C’è qualcosa di sorprendentemente bello che la Eredivisie, attualmente capitanata dal PSV, sta mostrando. Per scoprirlo bisogna andare proprio a Eindhoven, pagando il biglietto anche senza avere un reale fine. Sembrerà una delle più grandi stupidaggini della vita, d’altronde cosa c’è da vedere nel PSV, mica Messi. Poi passeranno quelle fatidiche due ore e sarà il momento di tornare a casa. Una cosa che si è scoperta odiosa perchè in quegli istanti la passione spinge a rimanere lì sperando che la partita continui per altri 90 minuti.

Sembra che la “colpa” di questa irrefrenabile sensazione sia Hirving Lozano. Allora bisogna capire cosa abbia di speciale.

IL PROFILO

Hirving Lozano è un messicano classe ’95, di ruolo ala sinistra ambidestra che dal 19 giugno 2017 veste la maglia biancorossa del PSV. Il club olandese è stato il più tempestivo a prelevare dal Pachuca questo talento cercato anche dalle due di Manchester e non solo. Il dato che colpisce è, però, la cifra sborsata: ben 8 milioni che ne fanno l’affare più oneroso dalla Liga MX, campionato messicano. Un’autentica scommessa per un giocatore che in patria non ci ha messo tanto ad imporsi: alla sua prima stagione tra i grandi ha segnato 10 volte e servito 4 assist.

L’interrogativo si pone, tuttavia, sull’impatto con il calcio europeo, ben diverso da quello sudamericano. Solo la risposta a questa domanda potrà dire se si è trattato di una delle più grandi stupidaggini oppure di un’occasione unica. Un po’ come andare a Eindhoven a vedere una partita senza avere un obiettivo prefissato.

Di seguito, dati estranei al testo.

lemma quasi_ideal_Union_chain:
  assumes R: "subring R" and st: "semistar R st" and C: "C \<noteq> {}" "subset.chain A C"
    and qi: "\<And>J. J \<in> C \<Longrightarrow> quasi_ideal R (star_f R st) J \<and> J \<noteq> R"
  shows "quasi_ideal R (star_f R st) (\<Union>C)" "\<Union>C \<noteq> R"
proof -
  have J: "is_submod R J" "J \<subseteq> R" "J \<noteq> {0}" "star_f R st J \<inter> R = J" "1 \<notin> J" if "J \<in> C" for J
    using qi[OF that] submod_eq_if_one_mem unfolding quasi_ideal_def by auto
  have sub: "is_submod R (\<Union>C)"
    using submod_Union_chain[OF C J(1)] .
  have nz: "\<Union>C \<noteq> {0}"
    using C(1) J(1,3) submod_0 by blast
  have "star_f R st (\<Union>C) \<inter> R \<subseteq> \<Union>C"
  proof
    fix x assume x: "x \<in> star_f R st (\<Union>C) \<inter> R"
    then have "x \<in> star_f R st (\<Union>C)"
      by simp
    then obtain G where G: "G \<in> fset R" "G \<subseteq> \<Union>C" "x \<in> st G"
      unfolding star_f_mem_iff by blast
    obtain xs where xs: "G = gen R xs"
      using G(1) unfolding fset_def by blast
    obtain J' where J': "J' \<in> C" "set xs \<subseteq> J'"
      using finite_subset_Union_chain[of "set xs", OF _ _ C] gen_set[OF R, of xs] xs G(2) by blast
    have "G \<subseteq> J'"
      unfolding xs by (rule gen_least[OF R J(1)[OF J'(1)] J'(2)])
    then have "x \<in> star_f R st J' \<inter> R"
      using G x unfolding Int_iff star_f_mem_iff by blast
    then show "x \<in> \<Union>C"
      using J(4)[OF J'(1)] J'(1) by blast
  qed
  moreover have "\<Union>C \<subseteq> star_f R st (\<Union>C)"
    using star_f_extensive[OF R st] sub nz by (simp add: Fbar_def)
  moreover have "\<Union>C \<subseteq> R"
    using J(2) by blast
  ultimately show "quasi_ideal R (star_f R st) (\<Union>C)"
    unfolding quasi_ideal_def using sub nz by blast
  show "\<Union>C \<noteq> R"
    using J(5) subring_1[OF R] by blast
qed

lemma quasi_max_above:
  assumes R: "subring R" and st: "semistar R st" and I: "I \<in> Fbar R" "I \<subseteq> R"
    and one: "1 \<notin> star_f R st I"
  obtains Q where "Q \<in> quasi_max R (star_f R st)" "I \<subseteq> Q"
proof -
  define J0 where "J0 = star_f R st I \<inter> R"
  define A where "A = {J. quasi_ideal R (star_f R st) J \<and> J \<noteq> R \<and> J0 \<subseteq> J}"
  have "J0 \<noteq> R"
    using one subring_1[OF R] unfolding J0_def by blast
  then have "J0 \<in> A"
    unfolding A_def J0_def using quasi_ideal_star_f_closure[OF R st I(1,2)] by blast
  moreover have "\<Union>C \<in> A" if C: "C \<noteq> {}" "subset.chain A C" for C
  proof -
    have CA: "\<And>J. J \<in> C \<Longrightarrow> J \<in> A"
      using C(2) unfolding subset.chain_def by blast
    then have "quasi_ideal R (star_f R st) (\<Union>C)" "\<Union>C \<noteq> R"
      using quasi_ideal_Union_chain[OF R st C] unfolding A_def by blast+
    moreover have "J0 \<subseteq> \<Union>C"
      using C(1) CA unfolding A_def by blast
    ultimately show ?thesis
      unfolding A_def by blast
  qed
  ultimately obtain M where M: "M \<in> A" "\<And>X. X \<in> A \<Longrightarrow> M \<subseteq> X \<Longrightarrow> X = M"
    using subset_Zorn_nonempty[of A] by blast
  have "M \<in> quasi_max R (star_f R st)"
    using M unfolding quasi_max_def A_def by blast
  moreover have "I \<subseteq> M"
    using M(1) star_f_extensive[OF R st I(1)] I(2) unfolding A_def J0_def by blast
  ultimately show thesis
    using that by blast
qed

definition prime_ideal :: "'k::field set \<Rightarrow> 'k set \<Rightarrow> bool" where
  "prime_ideal R Q \<longleftrightarrow> is_submod R Q \<and> Q \<subseteq> R \<and> 1 \<notin> Q \<and>
     (\<forall>a\<in>R. \<forall>b\<in>R. a * b \<in> Q \<longrightarrow> a \<in> Q \<or> b \<in> Q)"

lemma quasi_max_one_mem_star_f:
  assumes R: "subring R" and st: "semistar R st" and Q: "Q \<in> quasi_max R (star_f R st)"
    and I: "I \<in> Fbar R" "I \<subseteq> R" "Q \<subseteq> I" "\<not> I \<subseteq> Q"
  shows "1 \<in> star_f R st I"
proof (rule ccontr)
  assume "1 \<notin> star_f R st I"
  then have "star_f R st I \<inter> R \<noteq> R"
    using subring_1[OF R] by blast
  moreover have "quasi_ideal R (star_f R st) (star_f R st I \<inter> R)"
    by (rule quasi_ideal_star_f_closure[OF R st I(1,2)])
  moreover have "Q \<subseteq> star_f R st I \<inter> R"
    using star_f_extensive[OF R st I(1)] I(2,3) by blast
  ultimately have "star_f R st I \<inter> R = Q"
    using Q unfolding quasi_max_def by blast
  then show False
    using star_f_extensive[OF R st I(1)] I(2,4) by blast
qed

lemma quasi_max_mult_mem:
  assumes R: "subring R" and st: "semistar R st" and Q: "Q \<in> quasi_max R (star_f R st)"
    and a: "a \<in> R" "a \<notin> Q" and b: "b \<in> R" "b \<noteq> 0" and ab: "a * b \<in> Q"
  shows "b \<in> Q"
proof -
  have QR: "Q \<subseteq> R" and Qs: "is_submod R Q" and Qc: "star_f R st Q \<inter> R = Q"
    using Q unfolding quasi_max_def quasi_ideal_def by auto
  txt \<open>By maximality the ideal generated by \<open>Q\<close> and \<open>a\<close> is \<open>st\<^sub>f\<close>-trivial; multiplying a
    witness \<open>G\<close> of this by \<open>b\<close> lands in \<open>Q\<close>, so \<open>b \<in> st (b G) \<subseteq> st\<^sub>f Q\<close>.\<close>
  define I where "I = modprod (insert a Q) R"
  have aQI: "insert a Q \<subseteq> I"
    unfolding I_def by (rule subset_modprod[OF subring_1[OF R]])
  have "a \<noteq> 0"
    using a(2) submod_0[OF Qs] by auto
  then have "I \<in> Fbar R"
    using submod_modprod[OF R] aQI unfolding I_def Fbar_def by auto
  moreover have "I \<subseteq> R"
    unfolding I_def using a(1) QR by (intro modprod_subset_subring[OF R]) auto
  ultimately obtain G where G: "G \<in> fset R" "G \<subseteq> I" "1 \<in> st G"
    using quasi_max_one_mem_star_f[OF R st Q] aQI a(2) unfolding star_f_mem_iff by blast
  have "I \<subseteq> {x. b * x \<in> Q}"
    unfolding I_def
  proof (rule modprod_least)
    show "add_closed {x. b * x \<in> Q}"
      using submod_0[OF Qs] submod_add[OF Qs] by (simp add: add_closed_def distrib_left)
    fix c r assume "c \<in> insert a Q" "r \<in> R"
    then have "r * (b * c) \<in> Q"
      using ab submod_mult[OF Qs] b(1) by (auto simp: mult.commute)
    then show "c * r \<in> {x. b * x \<in> Q}"
      by (simp add: ac_simps)
  qed
  then have "smul b G \<subseteq> Q"
    using G(2) unfolding smul_def by blast
  moreover have "b \<in> st (smul b G)"
    using semistar_smul[OF st b(2) fset_Fbar[OF R G(1)]] G(3) unfolding smul_def by force
  ultimately have "b \<in> star_f R st Q"
    using smul_fset[OF R b(2) G(1)] unfolding star_f_mem_iff by blast
  then show "b \<in> Q"
    using Qc b(1) by blast
qed

lemma quasi_max_prime:
  assumes R: "subring R" and st: "semistar R st" and Q: "Q \<in> quasi_max R (star_f R st)"
  shows "prime_ideal R Q"
proof -
  have "Q \<subseteq> R" "is_submod R Q" "Q \<noteq> R"
    using Q unfolding quasi_max_def quasi_ideal_def by auto
  then show ?thesis
    unfolding prime_ideal_def using quasi_max_mult_mem[OF R st Q] submod_eq_if_one_mem submod_0
    by blast
qed

section \<open>Localization at a prime ideal\<close>

lemma prime_ideal_nonzero: "prime_ideal R Q \<Longrightarrow> s \<notin> Q \<Longrightarrow> s \<noteq> 0"
  unfolding prime_ideal_def using submod_0 by blast

lemma prime_ideal_mult_not_mem:
  "prime_ideal R Q \<Longrightarrow> s \<in> R \<Longrightarrow> t \<in> R \<Longrightarrow> s \<notin> Q \<Longrightarrow> t \<notin> Q \<Longrightarrow> s * t \<notin> Q"
  unfolding prime_ideal_def by blast

lemma locI: "a \<in> R \<Longrightarrow> s \<in> R \<Longrightarrow> s \<notin> Q \<Longrightarrow> a / s \<in> loc R Q"
  unfolding loc_def by blast

lemma locE:
  assumes "x \<in> loc R Q"
  obtains a s where "a \<in> R" "s \<in> R" "s \<notin> Q" "x = a / s"
  using assms unfolding loc_def by blast

lemma subset_loc: "subring R \<Longrightarrow> prime_ideal R Q \<Longrightarrow> R \<subseteq> loc R Q"
  using locI[of _ R 1 Q] by (force simp: prime_ideal_def subring_1)

lemma subring_loc:
  assumes R: "subring R" and Q: "prime_ideal R Q"
  shows "subring (loc R Q)"
  unfolding subring_def
proof (intro conjI ballI)
  show "0 \<in> loc R Q" "1 \<in> loc R Q"
    using subset_loc[OF R Q] subring_0[OF R] subring_1[OF R] by blast+
  fix x y assume "x \<in> loc R Q" "y \<in> loc R Q"
  then obtain a s b t where x: "x = a / s" and y: "y = b / t"
    and ab: "a \<in> R" "b \<in> R" and st: "s \<in> R" "t \<in> R" "s \<notin> Q" "t \<notin> Q"
    by (elim locE) blast
  have den: "s * t \<in> R" "s * t \<notin> Q"
    using subring_mult[OF R] prime_ideal_mult_not_mem[OF Q] st by auto
  have "s \<noteq> 0" "t \<noteq> 0"
    using prime_ideal_nonzero[OF Q] st by auto
  then have "x + y = (a * t + b * s) / (s * t)" "x - y = (a * t - b * s) / (s * t)"
    "x * y = (a * b) / (s * t)"
    unfolding x y by (simp_all add: field_simps)
  moreover have "a * t + b * s \<in> R" "a * t - b * s \<in> R" "a * b \<in> R"
    using ab st subring_add[OF R] subring_diff[OF R] subring_mult[OF R] by auto
  ultimately show "x + y \<in> loc R Q" "x - y \<in> loc R Q" "x * y \<in> loc R Q"
    using locI[OF _ den] by auto
qed

lemma modprod_prime_loc_subset:
  assumes R: "subring R" and Q: "prime_ideal R Q"
  shows "modprod Q (loc R Q) \<subseteq> {q / s | q s. q \<in> Q \<and> s \<in> R \<and> s \<notin> Q}"
proof (rule modprod_least)
  have Qs: "is_submod R Q"
    using Q unfolding prime_ideal_def by blast
  show "add_closed {q / s | q s. q \<in> Q \<and> s \<in> R \<and> s \<notin> Q}"
    unfolding add_closed_def
  proof (intro conjI ballI)
    show "0 \<in> {q / s | q s. q \<in> Q \<and> s \<in> R \<and> s \<notin> Q}"
      using submod_0[OF Qs] subring_1[OF R] Q unfolding prime_ideal_def by force
    fix x y assume "x \<in> {q / s | q s. q \<in> Q \<and> s \<in> R \<and> s \<notin> Q}" "y \<in> {q / s | q s. q \<in> Q \<and> s \<in> R \<and> s \<notin> Q}"
    then obtain a s b t where x: "x = a / s" and y: "y = b / t"
      and ab: "a \<in> Q" "b \<in> Q" and st: "s \<in> R" "t \<in> R" "s \<notin> Q" "t \<notin> Q"
      by blast
    have "s \<noteq> 0" "t \<noteq> 0"
      using prime_ideal_nonzero[OF Q] st by auto
    then have "x + y = (t * a + s * b) / (s * t)"
      unfolding x y by (simp add: field_simps)
    moreover have "t * a + s * b \<in> Q"
      using ab st submod_add[OF Qs] submod_mult[OF Qs] by auto
    moreover have "s * t \<in> R" "s * t \<notin> Q"
      using subring_mult[OF R] prime_ideal_mult_not_mem[OF Q] st by auto
    ultimately show "x + y \<in> {q / s | q s. q \<in> Q \<and> s \<in> R \<and> s \<notin> Q}"
      by blast
  qed
  fix q l assume "q \<in> Q" "l \<in> loc R Q"
  then obtain a s where "a \<in> R" "s \<in> R" "s \<notin> Q" "q * l = (a * q) / s" "a * q \<in> Q"
    using submod_mult[OF Qs] by (elim locE) auto
  then show "q * l \<in> {q / s | q s. q \<in> Q \<and> s \<in> R \<and> s \<notin> Q}"
    by blast
qed

lemma one_mem_modprod_loc_iff:
  assumes R: "subring R" and Q: "prime_ideal R Q" and I: "I \<subseteq> R"
  shows "1 \<in> modprod I (loc R Q) \<longleftrightarrow> \<not> I \<subseteq> Q"
proof
  assume "1 \<in> modprod I (loc R Q)"
  moreover have "1 \<notin> {q / s | q s. q \<in> Q \<and> s \<in> R \<and> s \<notin> Q}"
    using prime_ideal_nonzero[OF Q] by (auto simp: eq_divide_eq)
  ultimately show "\<not> I \<subseteq> Q"
    using modprod_prime_loc_subset[OF R Q] modprod_mono[of I Q "loc R Q" "loc R Q"] by blast
next
  assume "\<not> I \<subseteq> Q"
  then obtain f where f: "f \<in> I" "f \<notin> Q"
    by blast
  then have "1 / f \<in> loc R Q"
    using I subring_1[OF R] by (blast intro: locI)
  moreover have "f * (1 / f) = 1"
    using prime_ideal_nonzero[OF Q f(2)] by simp
  ultimately show "1 \<in> modprod I (loc R Q)"
    using modprod_mem[OF f(1)] by metis
qed

section \<open>The operation \<open>tilde\<close>\<close>

lemma tilde_mem_iff:
  "x \<in> tilde R st E \<longleftrightarrow> (\<forall>Q\<in>quasi_max R (star_f R st). x \<in> modprod E (loc R Q))"
  unfolding tilde_def by blast

lemma tilde_cong:
  "(\<And>Q. Q \<in> quasi_max R (star_f R st) \<Longrightarrow> modprod E (loc R Q) = modprod E' (loc R Q)) \<Longrightarrow>
    tilde R st E = tilde R st E'"
  unfolding tilde_def by simp

lemma tilde_mono: "E \<subseteq> E' \<Longrightarrow> tilde R st E \<subseteq> tilde R st E'"
  unfolding tilde_def by (intro INF_mono' modprod_mono) auto

lemma tilde_self_eq:
  assumes R: "subring R" and st: "semistar R st"
  shows "tilde R st R = (\<Inter>Q\<in>quasi_max R (star_f R st). loc R Q)"
  unfolding tilde_def
proof (rule INF_cong[OF refl])
  fix Q assume "Q \<in> quasi_max R (star_f R st)"
  note Q = quasi_max_prime[OF R st this]
  show "modprod R (loc R Q) = loc R Q"
    by (rule modprod_subring_absorb[OF subring_loc[OF R Q] subring_1[OF R] subset_loc[OF R Q]])
qed

lemma subset_tilde_self:
  assumes R: "subring R" and st: "semistar R st"
  shows "R \<subseteq> tilde R st R"
  unfolding tilde_self_eq[OF R st] using subset_loc[OF R quasi_max_prime[OF R st]] by blast

lemma subring_tilde_self:
  assumes R: "subring R" and st: "semistar R st"
  shows "subring (tilde R st R)"
  unfolding tilde_self_eq[OF R st] subring_def
proof (intro conjI ballI INT_I)
  fix Q assume "Q \<in> quasi_max R (star_f R st)"
  note L = subring_loc[OF R quasi_max_prime[OF R st this]]
  show "0 \<in> loc R Q" "1 \<in> loc R Q"
    using subring_0[OF L] subring_1[OF L] .
  fix x y assume "x \<in> (\<Inter>Q\<in>quasi_max R (star_f R st). loc R Q)" "y \<in> (\<Inter>Q\<in>quasi_max R (star_f R st). loc R Q)"
  then have "x \<in> loc R Q" "y \<in> loc R Q"
    using \<open>Q \<in> quasi_max R (star_f R st)\<close> by blast+
  then show "x + y \<in> loc R Q" "x - y \<in> loc R Q" "x * y \<in> loc R Q"
    using subring_add[OF L] subring_diff[OF L] subring_mult[OF L] by blast+
qed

IL REPERTORIO DEL “CHUCKY”

Lozano è soprannominato fin dalle giovanili Chucky: è il nome del personaggio del film La bambola assassina di Don Mancini. Si narra, infatti, che di notte si metteva sotto i letti per spaventare scherzosamente i compagni. Aldilà di questa leggenda, si tratta di un nomignolo azzeccato anche per come gioca in campo. Effettivamente trasmette paura… positiva. Il suo stile fa balzare in piedi chi lo guarda, incanta, rapisce.

Basta un’azione per capirlo: è quella del momentaneo uno a uno contro l’AZ Alkmaar, la sua prima rete olandese, all’esordio.

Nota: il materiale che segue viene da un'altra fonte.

lemma T_iter_le:
  assumes "solve K ps \<noteq> None" "d \<le> K"
  shows "T_iter f d ps \<le> (K + 1 - d) * (4 * (length ps + 1) * 2 ^ (K + 1) + 1)"
  using assms(2)
proof (induction f arbitrary: d)
  case (Suc f)
  define X where "X = 4 * (length ps + 1) * 2 ^ (K + 1) + 1"
  have "T_solve d ps \<le> 4 * (length ps + 1) * (2 ^ (d + 1) - 1)"
    by (rule T_solve_le)
  also have "\<dots> \<le> 4 * (length ps + 1) * 2 ^ (K + 1)"
    using Suc.prems by (intro mult_left_mono) (auto intro: order.trans[OF diff_le_self])
  finally have solve_le: "T_solve d ps + 1 \<le> X"
    by (simp add: X_def)
  show ?case
  proof (cases "solve d ps")
    case None
    with assms(1) Suc.prems have "Suc d \<le> K"
      by (cases "d = K") auto
    have "T_iter (Suc f) d ps = T_solve d ps + 1 + T_iter f (Suc d) ps"
      using None by simp
    also have "\<dots> \<le> X + (K + 1 - Suc d) * X"
      using solve_le Suc.IH[OF \<open>Suc d \<le> K\<close>] unfolding X_def by linarith
    also have "\<dots> = (K + 1 - d) * X"
      using \<open>Suc d \<le> K\<close> by (simp add: Suc_diff_le)
    finally show ?thesis
      by (simp add: X_def)
  next
    case Some
    then have "T_iter (Suc f) d ps \<le> X"
      using solve_le by simp
    also have "\<dots> \<le> (K + 1 - d) * X"
      using Suc.prems by (simp add: Suc_diff_le)
    finally show ?thesis
      by (simp add: X_def)
  qed
qed simp

lemma attach_eq_map: "(\<forall>i\<in>set ys. v i i 0 = pv i) \<Longrightarrow> attach v ys = map (\<lambda>i. (i, pv i)) ys"
  by (induction ys) auto

lemma T_attach_eq: "T_attach ys = 2 * length ys + 1"
  by (induction ys) auto

lemma sorted_outside_iff_agrees_outside:
  assumes "sorted ys" "distinct ys" "S \<subseteq> set ys"
  shows "sorted_outside S (map (\<lambda>i. (i, pv i)) ys) \<longleftrightarrow> agrees_outside (set ys) pv S"
  using agrees_outside_iff_sorted[OF assms] by (simp add: sorted_outside_def filter_map comp_def)

lemma solve_Some_agrees_outside:
  assumes "sorted ys" "distinct ys" "solve d (map (\<lambda>i. (i, pv i)) ys) = Some r"
  shows "agrees_outside (set ys) pv (set r)" "card (set r) \<le> d"
proof -
  have "distinct (map fst (map (\<lambda>i. (i, pv i)) ys))"
    using assms(2) by (simp add: comp_def)
  from solve_sound[OF this assms(3)]
  have "length r \<le> d" "sorted_outside (set r) (map (\<lambda>i. (i, pv i)) ys)" "set r \<subseteq> set ys"
    by auto
  then show "agrees_outside (set ys) pv (set r)" "card (set r) \<le> d"
    using sorted_outside_iff_agrees_outside[OF assms(1,2)] card_length[of r] by auto
qed

lemma solve_disagreement_not_None:
  assumes "sorted ys" "distinct ys"
  shows "solve (disagreement (set ys) pv) (map (\<lambda>i. (i, pv i)) ys) \<noteq> None"
proof -
  obtain S where S: "agrees_outside (set ys) pv S" "card S \<le> disagreement (set ys) pv"
    using ex_agrees_outside_card_le_disagreement by blast
  then have "S \<subseteq> set ys"
    by (simp add: agrees_outside_def)
  show ?thesis
  proof (rule solve_complete)
    show "distinct (map fst (map (\<lambda>i. (i, pv i)) ys))"
      using assms(2) by (simp add: comp_def)
    show "finite S"
      using \<open>S \<subseteq> set ys\<close> finite_subset by blast
    show "sorted_outside S (map (\<lambda>i. (i, pv i)) ys)"
      using sorted_outside_iff_agrees_outside[OF assms \<open>S \<subseteq> set ys\<close>] S(1) by blast
  qed (rule S(2))
qed

lemma solve_below_disagreement:
  assumes "sorted ys" "distinct ys" "d < disagreement (set ys) pv"
  shows "solve d (map (\<lambda>i. (i, pv i)) ys) = None"
proof (rule ccontr)
  assume "solve d (map (\<lambda>i. (i, pv i)) ys) \<noteq> None"
  then obtain r where "solve d (map (\<lambda>i. (i, pv i)) ys) = Some r"
    by blast
  from solve_Some_agrees_outside[OF assms(1,2) this] assms(3) show False
    using disagreement_le_card by fastforce
qed

lemma
  assumes "distinct xs" "popularity_based (set xs) v pv"
  shows attach_msort: "attach v (msort xs) = map (\<lambda>i. (i, pv i)) (msort xs)"
    and min_disagree_alg_eq_solve:
      "min_disagree_alg xs v = the (solve (disagreement (set xs) pv) (attach v (msort xs)))"
proof -
  show attach: "attach v (msort xs) = map (\<lambda>i. (i, pv i)) (msort xs)"
    using assms(2) by (intro attach_eq_map) (simp add: popularity_based_def set_msort)
  have "disagreement (set xs) pv \<le> card (set xs)"
    by (rule disagreement_le_card) (simp add: agrees_outside_def)
  also have "\<dots> = length xs"
    using assms(1) by (rule distinct_card)
  finally show "min_disagree_alg xs v = the (solve (disagreement (set xs) pv) (attach v (msort xs)))"
    unfolding min_disagree_alg.simps Let_def attach
    using solve_disagreement_not_None[OF sorted_msort distinct_msort[OF assms(1)]]
      solve_below_disagreement[OF sorted_msort distinct_msort[OF assms(1)]]
    by (intro iter_eq_solve) (auto simp: set_msort length_msort)
qed

theorem min_disagree_alg_correct:
  assumes "distinct xs" "popularity_based (set xs) v pv"
  shows "min_disagreeing_set (set xs) pv (set (min_disagree_alg xs v))"
proof -
  obtain r where r: "solve (disagreement (set xs) pv) (map (\<lambda>i. (i, pv i)) (msort xs)) = Some r"
    using solve_disagreement_not_None[OF sorted_msort distinct_msort[OF assms(1)]] set_msort by force
  then have "min_disagree_alg xs v = r"
    using min_disagree_alg_eq_solve[OF assms] attach_msort[OF assms] by simp
  then show ?thesis
    using solve_Some_agrees_outside[OF sorted_msort distinct_msort[OF assms(1)] r]
    by (simp add: min_disagreeing_set_iff set_msort)
qed

lemma cost_bound_arith:
  fixes n m k :: nat
  assumes "n = 2 ^ m"
  shows "8 * n * (m + 1) + (2 * n + 1) + (n + 1) + (k + 1) * (8 * (n + 1) * 2 ^ k + 1) + 1
    \<le> 40 * (k * 2 ^ k * n + n * m + 1)"
proof -
  define A B E X where "A = k * 2 ^ k * n" and "B = n * m" and "E = 2 ^ k * n"
    and "X = (k + 1) * (8 * (n + 1) * 2 ^ k + 1)"
  have "1 \<le> n"
    using assms by simp
  have "n \<le> B + 1"
    using assms by (cases m) (auto simp: B_def)
  have "A = k * E"
    by (simp add: A_def E_def mult.assoc)
  then have "E \<le> A + n"
    by (cases k) (simp add: E_def, simp)
  have "k \<le> A"
    using \<open>1 \<le> n\<close> by (simp add: A_def)
  have "8 * (n + 1) * 2 ^ k + 1 \<le> 16 * E + 1"
    using \<open>1 \<le> n\<close> by (simp add: E_def)
  then have "X \<le> (k + 1) * (16 * E + 1)"
    unfolding X_def by (rule mult_le_mono2)
  also have "\<dots> = 16 * A + 16 * E + k + 1"
    by (simp add: A_def E_def algebra_simps)
  finally have "8 * B + 8 * n + (2 * n + 1) + (n + 1) + X + 1 \<le> 40 * (A + B + 1)"
    using \<open>n \<le> B + 1\<close> \<open>E \<le> A + n\<close> \<open>k \<le> A\<close> by simp
  then show ?thesis
    by (simp add: A_def B_def X_def algebra_simps)
qed

lemma T_min_disagree_alg_le:
  assumes "distinct xs" "popularity_based (set xs) v pv" "length xs = 2 ^ m"
  defines "n \<equiv> length xs" and "k \<equiv> disagreement (set xs) pv"
  shows "T_min_disagree_alg xs v \<le> 40 * (k * 2 ^ k * n + n * m + 1)"
proof -
  let ?ps = "attach v (msort xs)"
  have length_ps: "length ?ps = n"
    by (simp add: attach_msort[OF assms(1,2)] length_msort n_def)
  have "solve k ?ps \<noteq> None"
    using solve_disagreement_not_None[OF sorted_msort distinct_msort[OF assms(1)]]
    by (simp add: k_def attach_msort[OF assms(1,2)] set_msort)
  then have "T_iter (Suc n) 0 ?ps \<le> (k + 1 - 0) * (4 * (length ?ps + 1) * 2 ^ (k + 1) + 1)"
    by (rule T_iter_le) simp
  also have "\<dots> = (k + 1) * (8 * (n + 1) * 2 ^ k + 1)"
    by (simp add: length_ps algebra_simps)
  finally have "T_iter (Suc n) 0 ?ps \<le> (k + 1) * (8 * (n + 1) * 2 ^ k + 1)" .
  moreover have "T_msort xs \<le> 8 * n * (m + 1)"
    using T_msort_le[OF assms(3)] assms(3) by (simp add: n_def)
  moreover have "T_min_disagree_alg xs v
      = T_msort xs + T_attach (msort xs) + T_length ?ps + T_iter (Suc (length ?ps)) 0 ?ps + 1"
    by (simp only: T_min_disagree_alg_def Let_def)
  ultimately have "T_min_disagree_alg xs v
    \<le> 8 * n * (m + 1) + (2 * n + 1) + (n + 1) + (k + 1) * (8 * (n + 1) * 2 ^ k + 1) + 1"
    by (simp only: length_ps T_attach_eq T_length length_msort n_def[symmetric])
  also have "\<dots> \<le> 40 * (k * 2 ^ k * n + n * m + 1)"
    using assms(3) by (intro cost_bound_arith) (simp add: n_def)
  finally show ?thesis .
qed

Riceve sull’esterno, tocco per controllare la sfera, si accentra, salta il difensore avversario e con una precisa rasoiata di destro buca la rete. Si tratta della sua azione tipo: parte dalla fascia, magari va in progressione palla al piede, poi si accentra, compie un po’ di dribbling e crea scompiglio in area. Ciò che impressiona non è tanto quello che fa, ma la semplicità e la fantasia con cui esegue.

Uno dei suoi punti di forza è la capacità di saltare l’uomo, ricorrendo spesso al dribbling. E’ un’ arma che usa anche quando non riesce a sfondare sulla fascia ed è costretto a tornare indietro.

Dopo aver vinto tre 1 vs 1, pur essendo lontano dall’area di rigore riesce a compiere un passaggio d’interno-collo a saltare la difesa.

Grazie alla sua velocità, fondamentale per risalire il campo, abilità nei duelli individuali e tecnica sopraffina sa essere di grande aiuto per la squadra. Nei sei match che ha finora disputato ha effettuato due assist e ben sette key passes, uno a partita praticamente. Il 77% delle occasioni create sono arrivate dalle fasce, maggiormente da quella destra, a testimoniare il suo dominio sulla parte esterna del campo.

Precedentemente si parlava di velocità, intesa come la corsa che la maggior parte delle volte compie nella sua zona di competenza. Il messicano è rapido, però, anche di testa.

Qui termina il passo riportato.